Chinese strategists are understandably wary of attempts by Western countries to exploit tensions between China and North Korea. In July 2024, a spokesperson for the Chinese Ministry of Foreign Affairs accused the South Korean press of spreading “groundless rumors” about rifts in the Chinese–North Korean relationship and reaffirmed the bond between the two countries. In reaction to North Korea’s growing ties with Russia, the United States and its allies in East Asia might strengthen their military cooperation—something China perceives as a threat to its own security. In this scenario, any effort by the United States to exploit tensions between China and North Korea could backfire. The more Beijing believes that the United States is trying to weaken Chinese influence by driving a wedge between China and North Korea, the more valuable North Korea becomes to China—which may be exactly Pyongyang’s calculus.

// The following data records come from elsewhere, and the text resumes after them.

(* Let $$B= \begin{pmatrix} 1& 2& 2\\ 2&1& 2\\ 2&2& 3 \end{pmatrix}.$$ For every positive integer $n$, writing $B^n(3,4,5)^\top=(x,y,z)^\top$, the inradius $r_n$ of the triangle with side lengths $x,y,z$ is $$r_n=\frac{(3+2\sqrt{2})^{n+1}-(3-2\sqrt{2})^{n+1}}{4\sqrt{2}}.$$
   Context: Triples are regarded as row vectors and $\top$ denotes transpose. The triple $B^n(3,4,5)^\top$ is a primitive Pythagorean triple (positive integers $x,y,z$ with $x^2+y^2=z^2$), so the triangle is a right triangle with hypotenuse $z$. *)

theory Defs
  imports "HOL-Analysis.Analysis"
begin

definition Bmat :: "int ^ 3 ^ 3" where
  "Bmat = vector [vector [1, 2, 2], vector [2, 1, 2], vector [2, 2, 3]]"

fun mpow :: "'a::comm_ring_1 ^ 'n ^ 'n \<Rightarrow> nat \<Rightarrow> 'a ^ 'n ^ 'n" where
  "mpow A 0 = mat 1"
| "mpow A (Suc n) = A ** mpow A n"

definition inradius :: "real \<Rightarrow> real \<Rightarrow> real \<Rightarrow> real" where
  "inradius a b c = (let s = (a + b + c) / 2 in
      sqrt (s * (s - a) * (s - b) * (s - c)) / s)"

end

theory Submission
  imports Defs
begin

text \<open>The inradius of a right triangle with legs \<open>x, y\<close> and hypotenuse \<open>z\<close> is
  \<open>(x + y - z) / 2\<close>, and \<open>B\<close> turns \<open>x + y - z\<close> into the old \<open>x + y + z\<close> and
  \<open>x + y + z\<close> into \<open>6 (x + y + z) - (x + y - z)\<close>. So along the orbit of \<open>(3, 4, 5)\<close>
  both sums run through twice the balancing numbers \<open>0, 1, 6, 35, 204, \<dots>\<close>, whose
  Binet formula has the roots \<open>3 \<plusminus> 2 sqrt 2\<close> of \<open>t\<^sup>2 = 6 t - 1\<close>.\<close>

lemma inradius_right_triangle:
  fixes x y z :: real
  assumes "x > 0" "y > 0" "z > 0" "x\<^sup>2 + y\<^sup>2 = z\<^sup>2"
  shows "inradius x y z = (x + y - z) / 2"
proof -
  let ?s = "(x + y + z) / 2"
  have "?s * (?s - x) * (?s - y) * (?s - z) = ((x + y)\<^sup>2 - z\<^sup>2) * (z\<^sup>2 - (x - y)\<^sup>2) / 16"
    unfolding power2_eq_square by (simp add: divide_simps) algebra
  also have "\<dots> = (x * y / 2)\<^sup>2"
  proof -
    have "(x + y)\<^sup>2 - z\<^sup>2 = 2 * x * y" "z\<^sup>2 - (x - y)\<^sup>2 = 2 * x * y"
      using assms(4) by (simp_all add: power2_eq_square algebra_simps)
    then show ?thesis
      by (simp add: power2_eq_square)
  qed
  finally have area: "sqrt (?s * (?s - x) * (?s - y) * (?s - z)) = x * y / 2"
    using assms by simp
  have "(x + y - z) * (x + y + z) = 2 * x * y"
    using assms(4) by (simp add: power2_eq_square algebra_simps)
  then have "x * y / 2 / ?s = (x + y - z) / 2"
    using assms by (simp add: field_simps)
  then show ?thesis
    unfolding inradius_def Let_def area .
qed

fun balancing :: "nat \<Rightarrow> int" where
  "balancing 0 = 0"
| "balancing (Suc 0) = 1"
| "balancing (Suc (Suc n)) = 6 * balancing (Suc n) - balancing n"

lemma power_Suc_Suc_eq_linear_recurrence:
  fixes a p q :: "'a::comm_ring_1"
  assumes "a\<^sup>2 = p * a - q"
  shows "a ^ Suc (Suc n) = p * a ^ Suc n - q * a ^ n"
proof -
  have "a ^ Suc (Suc n) = a\<^sup>2 * a ^ n"
    by (simp add: power2_eq_square)
  then show ?thesis
    by (simp add: assms algebra_simps)
qed

lemma balancing_closed_form:
  "real_of_int (balancing n) =
    ((3 + 2 * sqrt 2) ^ n - (3 - 2 * sqrt 2) ^ n) / (4 * sqrt 2)"
proof (induction n rule: balancing.induct)
  case 1
  then show ?case by simp
next
  case 2
  then show ?case by simp
next
  case (3 n)
  let ?a = "3 + 2 * sqrt 2" and ?b = "3 - 2 * sqrt 2"
  have "?a\<^sup>2 = 6 * ?a - 1" "?b\<^sup>2 = 6 * ?b - 1"
    by (simp_all add: power2_eq_square algebra_simps)
  then have "?a ^ Suc (Suc n) - ?b ^ Suc (Suc n) =
      6 * (?a ^ Suc n - ?b ^ Suc n) - (?a ^ n - ?b ^ n)"
    by (simp only: power_Suc_Suc_eq_linear_recurrence) (simp add: algebra_simps)
  then show ?case
    using 3 by (simp add: diff_divide_distrib)
qed

definition pythagorean_triple :: "int ^ 3 \<Rightarrow> bool" where
  "pythagorean_triple u \<longleftrightarrow>
    u $ 1 > 0 \<and> u $ 2 > 0 \<and> u $ 3 > 0 \<and> (u $ 1)\<^sup>2 + (u $ 2)\<^sup>2 = (u $ 3)\<^sup>2"

lemma Bmat_mult_vector_nth:
  "(Bmat *v u) $ 1 = u $ 1 + 2 * u $ 2 + 2 * u $ 3"
  "(Bmat *v u) $ 2 = 2 * u $ 1 + u $ 2 + 2 * u $ 3"
  "(Bmat *v u) $ 3 = 2 * u $ 1 + 2 * u $ 2 + 3 * u $ 3"
  by (simp_all add: matrix_vector_mult_def sum_3 Bmat_def)

lemma pythagorean_triple_Bmat_mult_vector:
  assumes "pythagorean_triple u"
  shows "pythagorean_triple (Bmat *v u)"
  using assms unfolding pythagorean_triple_def Bmat_mult_vector_nth
  by (simp add: power2_eq_square algebra_simps)

lemma Bmat_mult_vector_sums:
  "(Bmat *v u) $ 1 + (Bmat *v u) $ 2 - (Bmat *v u) $ 3 = u $ 1 + u $ 2 + u $ 3"
  "(Bmat *v u) $ 1 + (Bmat *v u) $ 2 + (Bmat *v u) $ 3 =
    6 * (u $ 1 + u $ 2 + u $ 3) - (u $ 1 + u $ 2 - u $ 3)"
  unfolding Bmat_mult_vector_nth by simp_all

lemma mpow_Suc_mult_vector: "mpow A (Suc n) *v u = A *v (mpow A n *v u)"
  by (simp add: matrix_vector_mul_assoc)

lemma Bmat_orbit_3_4_5:
  defines "v \<equiv> \<lambda>n. mpow Bmat n *v (vector [3, 4, 5] :: int ^ 3)"
  shows "pythagorean_triple (v n) \<and>
    v n $ 1 + v n $ 2 - v n $ 3 = 2 * balancing (Suc n) \<and>
    v n $ 1 + v n $ 2 + v n $ 3 = 2 * balancing (Suc (Suc n))"
proof (induction n)
  case 0
  then show ?case
    by (simp add: v_def pythagorean_triple_def)
next
  case (Suc n)
  have "v (Suc n) = Bmat *v v n"
    by (simp only: v_def mpow_Suc_mult_vector)
  then show ?case
    using Suc pythagorean_triple_Bmat_mult_vector by (simp add: Bmat_mult_vector_sums)
qed

theorem mainTheorem4:
  fixes n :: nat
  assumes "n \<ge> 1"
  defines "v \<equiv> mpow Bmat n *v (vector [3, 4, 5] :: int ^ 3)"
  shows "inradius (of_int (v $ 1)) (of_int (v $ 2)) (of_int (v $ 3)) =
    ((3 + 2 * sqrt 2) ^ (n + 1) - (3 - 2 * sqrt 2) ^ (n + 1)) / (4 * sqrt 2)"
proof -
  have pyth: "pythagorean_triple v" and diff: "v $ 1 + v $ 2 - v $ 3 = 2 * balancing (Suc n)"
    using Bmat_orbit_3_4_5 [of n] unfolding v_def by auto
  have "(real_of_int (v $ 1))\<^sup>2 + (real_of_int (v $ 2))\<^sup>2 = (real_of_int (v $ 3))\<^sup>2"
    using pyth unfolding pythagorean_triple_def by (metis of_int_add of_int_power)
  then have "inradius (of_int (v $ 1)) (of_int (v $ 2)) (of_int (v $ 3)) =
      real_of_int (v $ 1 + v $ 2 - v $ 3) / 2"
    using pyth unfolding pythagorean_triple_def by (simp add: inradius_right_triangle)
  also have "\<dots> = real_of_int (balancing (n + 1))"
    using diff by simp
  finally show ?thesis
    by (simp only: balancing_closed_form)
qed

end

To avoid such an outcome, the United States and its allies should focus on identifying interests they share with China: namely, preventing the outbreak of a war on the Korean Peninsula. Expecting Beijing to take extreme measures, such as suspending oil supplies or humanitarian aid to North Korea, is unrealistic. Instead of driving China and North Korea apart, Washington should try to capitalize on Beijing’s power over Pyongyang by urging China to clearly communicate two redlines to its partner. First, North Korea must refrain from directly assaulting South Korean lives and property, as it did in the 2010 Cheonan torpedo attack and Yeonpyeong Island shelling. Since these incidents, South Korea’s military doctrine has become far more offensive. Any North Korean attack, even on a limited scale, would trigger South Korean retaliation, and could spiral into all-out war. Second, North Korea must avoid conducting its seventh nuclear test. A seventh test would likely be geared toward developing a nuclear weapon with a small yield that would be easier to deploy. Such a test would be a sign of China’s weakening influence over Pyongyang and could spur Seoul to try to acquire nuclear weapons of its own—a position that both South Korea and the United States officially oppose but is gaining traction in Western policy circles.

U.S. efforts to drive a wedge between China and North Korea could backfire, potentially strengthening their autocratic alliance. To secure meaningful cooperation from China, it would be more effective for Washington to keep its requests specific, realistic, and geared toward achieving shared interests. A more focused approach is likely to yield better results.